ISIS Women Deported to Sweden Were Too Dangerous to Keep in Syria

Women and a child queue to receive humanitarian aid packages at the Kurdish-run al-Hol camp, which holds relatives of suspected Islamic State (IS) group fighters, in Syria's northeastern Hasakeh governorate on August 18, 2021. (Photo by Delil SOULEIMAN / AFP) (Photo by DELIL SOULEIMAN/AFP via Getty Images)

Documents from the Swedish state department reveal that Kurdish authorities wanted Sweden to take back Islamic State women from prison camps as they deemed them too dangerous to remain in Syria.

On September 5th, three Islamic State women and their children were secretly repatriated from Syria to Sweden, two of them were immediately arrested upon arrival on suspicion of participating in war crimes.

The released documents reveal that Kurdish authorities and the Swedish government worked intensively together in the early months of this year to repatriate the three women and their children and show some of the concerns of Kurdish authorities regarding them, newspaper Aftonbladet reports.

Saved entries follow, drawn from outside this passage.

(* Let $N>p\geq1$ and let $\mathbf{U}\in\mathbb{R}^{N\times p}$ with $\mathbf{U}^T\mathbf{U}=\mathbf{I}_p$ be drawn from the Bingham distribution with $N\times N$ symmetric parameter matrix $\mathbf{A}$, i.e. with density (with respect to the normalized uniform measure on $\{\mathbf{U}:\mathbf{U}^T\mathbf{U}=\mathbf{I}_p\}$) $p_B(\mathbf{U})=\exp(-\kappa_B(\mathbf{A}))\,\mathrm{etr}(\mathbf{U}^T\mathbf{A}\mathbf{U})$, where $\kappa_B(\mathbf{A})=\ln{}_1F_1(\tfrac{p}{2};\tfrac{N}{2};\mathbf{A})$. Let $\mathbf{A}=\mathbf{U}_a\boldsymbol{\Lambda}_a\mathbf{U}_a^T$ be an eigenvalue decomposition of $\mathbf{A}$ with $\mathbf{U}_a$ orthogonal and $\boldsymbol{\Lambda}_a=\mathrm{diag}(\lambda_a(1),\dots,\lambda_a(N))$, $\lambda_a(1)\geq\dots\geq\lambda_a(N)$. Define $\mathbf{M}=\int\mathbf{U}\mathbf{U}^Tp_B(\mathbf{U})\,d\mathbf{U}$. Then the eigenvalue decomposition of $\mathbf{M}$ is $\mathbf{M}=\exp(-\kappa_B(\mathbf{A}))\,\mathbf{U}_a\boldsymbol{\Gamma}\mathbf{U}_a^T$, where $\boldsymbol{\Gamma}=\mathrm{diag}(\gamma_1,\dots,\gamma_N)$ with $\gamma_k=\frac{\partial \exp(\kappa_B(\boldsymbol{\Lambda}_a))}{\partial\lambda_a(k)}$ (that is, $\boldsymbol{\Gamma}=\partial\exp(\kappa_B(\mathbf{A}))/\partial\boldsymbol{\Lambda}_a$, using $\kappa_B(\mathbf{A})=\kappa_B(\boldsymbol{\Lambda}_a)$), and $\gamma_1\geq\gamma_2\geq\dots\geq\gamma_N$.
   Context: $\mathrm{etr}(\mathbf{X})=\exp(\mathrm{Tr}(\mathbf{X}))$. ${}_1F_1(a;b;\mathbf{X})$ is the confluent hypergeometric function of matrix argument, which here is the normalizing constant: ${}_1F_1(\tfrac p2;\tfrac N2;\mathbf{A})=\int\mathrm{etr}(\mathbf{U}^T\mathbf{A}\mathbf{U})\,d\mathbf{U}$ with respect to the normalized uniform measure; it depends on $\mathbf{A}$ only through its eigenvalues. *)

theory Defs
  imports "HOL-Analysis.Analysis" "HOL-Probability.Probability"
begin

definition stiefel :: "(real^'p^'n) set" where
  "stiefel = {U. transpose U ** U = mat 1}"

definition uniform_stiefel :: "(real^'p^'n) measure \<Rightarrow> bool" where
  "uniform_stiefel \<mu> \<longleftrightarrow> sets \<mu> = sets borel \<and> prob_space \<mu> \<and>
     emeasure \<mu> (stiefel :: (real^'p^'n) set) = 1 \<and>
     (\<forall>Q::real^'n^'n. orthogonal_matrix Q \<longrightarrow> distr \<mu> \<mu> (\<lambda>U. Q ** U) = \<mu>)"

definition etr :: "real^'n^'n \<Rightarrow> real" where
  "etr X = exp (trace X)"

text \<open>1F1(p/2; N/2; A) as the normalizing integral.\<close>
definition hyp1F1 :: "(real^'p^'n) measure \<Rightarrow> real^'n^'n \<Rightarrow> real" where
  "hyp1F1 \<mu> A = (\<integral>U. etr (transpose U ** A ** U) \<partial>\<mu>)"

definition kappaB :: "(real^'p^'n) measure \<Rightarrow> real^'n^'n \<Rightarrow> real" where
  "kappaB \<mu> A = ln (hyp1F1 \<mu> A)"

definition bingham_density :: "(real^'p^'n) measure \<Rightarrow> real^'n^'n \<Rightarrow> real^'p^'n \<Rightarrow> real" where
  "bingham_density \<mu> A U = exp (- kappaB \<mu> A) * etr (transpose U ** A ** U)"

definition diag_mat :: "real^'n \<Rightarrow> real^'n^'n" where
  "diag_mat v = (\<chi> i j. if i = j then v $ i else 0)"

end

theory Submission
  imports Defs
begin

text \<open>Since the uniform measure is invariant under \<open>U \<mapsto> U\<^sub>a U\<close>, one may assume
  \<open>A = \<Lambda>\<^sub>a\<close>; then \<open>tr(U\<^sup>T \<Lambda>\<^sub>a U) = \<Sum>\<^sub>k \<lambda>\<^sub>a(k) |u\<^sub>k|\<^sup>2\<close> with \<open>u\<^sub>k\<close> the rows of \<open>U\<close>.
  Flipping the sign of one row preserves the measure and this exponent but negates the
  off-diagonal entries of \<open>U U\<^sup>T\<close>, so \<open>\<integral> etr(U\<^sup>T \<Lambda>\<^sub>a U) U U\<^sup>T dU\<close> is diagonal. Its \<open>k\<close>-th
  entry \<open>\<integral> etr(U\<^sup>T \<Lambda>\<^sub>a U) |u\<^sub>k|\<^sup>2 dU\<close> is the derivative of \<open>\<^sub>1F\<^sub>1\<close> in \<open>\<lambda>\<^sub>a(k)\<close>: differentiation
  under the integral sign is harmless because all integrands are bounded on the compact
  Stiefel manifold. Swapping two rows shows that these entries are ordered like the \<open>\<lambda>\<^sub>a(k)\<close>.\<close>

lemma continuous_on_matrix_mult [continuous_intros]:
  fixes f :: "'a::topological_space \<Rightarrow> real^'m^'n" and g :: "'a \<Rightarrow> real^'k^'m"
  assumes "continuous_on S f" "continuous_on S g"
  shows "continuous_on S (\<lambda>x. f x ** g x)"
  unfolding matrix_matrix_mult_def by (intro continuous_intros assms)

lemma continuous_on_transpose [continuous_intros]:
  fixes f :: "'a::topological_space \<Rightarrow> real^'m^'n"
  shows "continuous_on S f \<Longrightarrow> continuous_on S (\<lambda>x. transpose (f x))"
  unfolding transpose_def by (intro continuous_intros)

lemma continuous_on_etr [continuous_intros]:
  fixes f :: "'a::topological_space \<Rightarrow> real^'n^'n"
  shows "continuous_on S f \<Longrightarrow> continuous_on S (\<lambda>x. etr (f x))"
  unfolding etr_def trace_def by (intro continuous_intros)

lemma bounded_linear_matrix_sandwich:
  fixes Q :: "real^'m^'n" and R :: "real^'l^'k"
  shows "bounded_linear (\<lambda>X::real^'k^'m. Q ** X ** R)"
  by (intro linear_conv_bounded_linear[THEN iffD1] linearI)
     (simp_all add: vec_eq_iff matrix_matrix_mult_def sum_distrib_left
        distrib_left distrib_right sum.distrib mult_ac)

lemma integral_vec_nth:
  fixes f :: "'a \<Rightarrow> 'b::euclidean_space^'n"
  assumes "integrable M f"
  shows "(\<integral>x. f x \<partial>M) $ i = (\<integral>x. f x $ i \<partial>M)"
  using integral_bounded_linear[OF bounded_linear_vec_nth assms] by simp

lemma abs_exp_minus_one_minus_le: "\<bar>exp x - 1 - x\<bar> \<le> exp \<bar>x\<bar> * x\<^sup>2"
  for x :: real
proof -
  obtain s where "\<bar>s\<bar> \<le> \<bar>x\<bar>" and taylor: "exp x = 1 + x + exp s / 2 * x\<^sup>2"
    using Maclaurin_exp_le[of x 2] by (auto simp: numeral_2_eq_2)
  then have "exp s * x\<^sup>2 \<le> exp \<bar>x\<bar> * x\<^sup>2"
    by (intro mult_right_mono) auto
  moreover have "\<bar>exp x - 1 - x\<bar> = exp s / 2 * x\<^sup>2"
    using taylor by simp
  moreover have "0 \<le> exp s * x\<^sup>2" by simp
  ultimately show ?thesis by linarith
qed

lemma abs_exp_mult_remainder_le:
  fixes t y C :: real
  assumes "\<bar>t\<bar> \<le> 1" and "\<bar>y\<bar> \<le> C"
  shows "\<bar>exp (t * y) - 1 - t * y\<bar> \<le> exp C * C\<^sup>2 * t\<^sup>2"
proof -
  have "\<bar>t * y\<bar> \<le> C"
    using assms mult_left_le_one_le[of "\<bar>y\<bar>" "\<bar>t\<bar>"] by (simp add: abs_mult)
  moreover have "(t * y)\<^sup>2 \<le> C\<^sup>2 * t\<^sup>2"
    using power_mono[OF assms(2), of 2] mult_left_mono[of "y\<^sup>2" "C\<^sup>2" "t\<^sup>2"]
    by (simp add: power_mult_distrib mult.commute)
  ultimately have "exp \<bar>t * y\<bar> * (t * y)\<^sup>2 \<le> exp C * (C\<^sup>2 * t\<^sup>2)"
    by (intro mult_mono) auto
  then show ?thesis
    using abs_exp_minus_one_minus_le[of "t * y"] by (simp add: mult.assoc)
qed

lemma has_real_derivative_quadratic_error:
  assumes "\<forall>\<^sub>F y in at x. \<bar>h y - h x - (y - x) * d\<bar> \<le> K * (y - x)\<^sup>2"
  shows "(h has_real_derivative d) (at x)"
  unfolding has_field_derivative_iff
proof (rule LIM_zero_cancel, rule Lim_null_comparison)
  show "\<forall>\<^sub>F y in at x. norm ((h y - h x) / (y - x) - d) \<le> K * \<bar>y - x\<bar>"
    using assms eventually_neq_at_within[of x x UNIV]
  proof eventually_elim
    case (elim y)
    then have pos: "\<bar>y - x\<bar> > 0" by simp
    have "(h y - h x) / (y - x) - d = (h y - h x - (y - x) * d) / (y - x)"
      using elim by (simp add: field_simps)
    moreover have "(y - x)\<^sup>2 = \<bar>y - x\<bar> * \<bar>y - x\<bar>"
      by (metis abs_mult_self_eq power2_eq_square)
    then have "\<bar>h y - h x - (y - x) * d\<bar> \<le> K * \<bar>y - x\<bar> * \<bar>y - x\<bar>"
      using elim by (simp only: mult.assoc)
    ultimately show ?case
      using pos by (simp add: abs_divide pos_divide_le_eq)
  qed
  show "((\<lambda>y. K * \<bar>y - x\<bar>) \<longlongrightarrow> 0) (at x)"
    by (intro tendsto_mult_right_zero tendsto_rabs_zero LIM_zero tendsto_ident_at)
qed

“The authorities have strong reasons to regard these women as active threats to security, law, and order,” the Swedish document states and notes that the women, along with their children, are banned from ever returning to northeastern Syria for the rest of their lives.

Correspondence between Swedish ambassador Fredrik Florén and Abdul Karim Omar, representative of the administration ruling northern Syria, revealed that the Kurds had attempted to gather evidence of the women’s crimes but had not had enough to bring them to court.

Interior Minister Mikael Damberg later spoke about the case against the Islamic State women after they had arrived in Sweden and confirmed that Kurdish authorities had made attempts to gather evidence against them.

“If there are reasons to suspect a crime, a preliminary investigation will be opened. It is important to say that although the Kurdish authorities have not found enough evidence to initiate legal proceedings against them, there is no statute of limitations for many of these serious crimes for which they can be suspected,” Mr Damberg said.

Prosecutions against returning Islamic State members have been difficult for Swedish authorities, with terrorism expert Magnus Ranstorp stating in 2019 that Islamic State women should not be allowed back into Sweden at all due to the lack of laws to prosecute them.

In March, it was revealed that no one had been charged under Sweden’s anti-terrorism law, which allows for the prosecution of people for being members of a terrorist group, despite being in place for a year.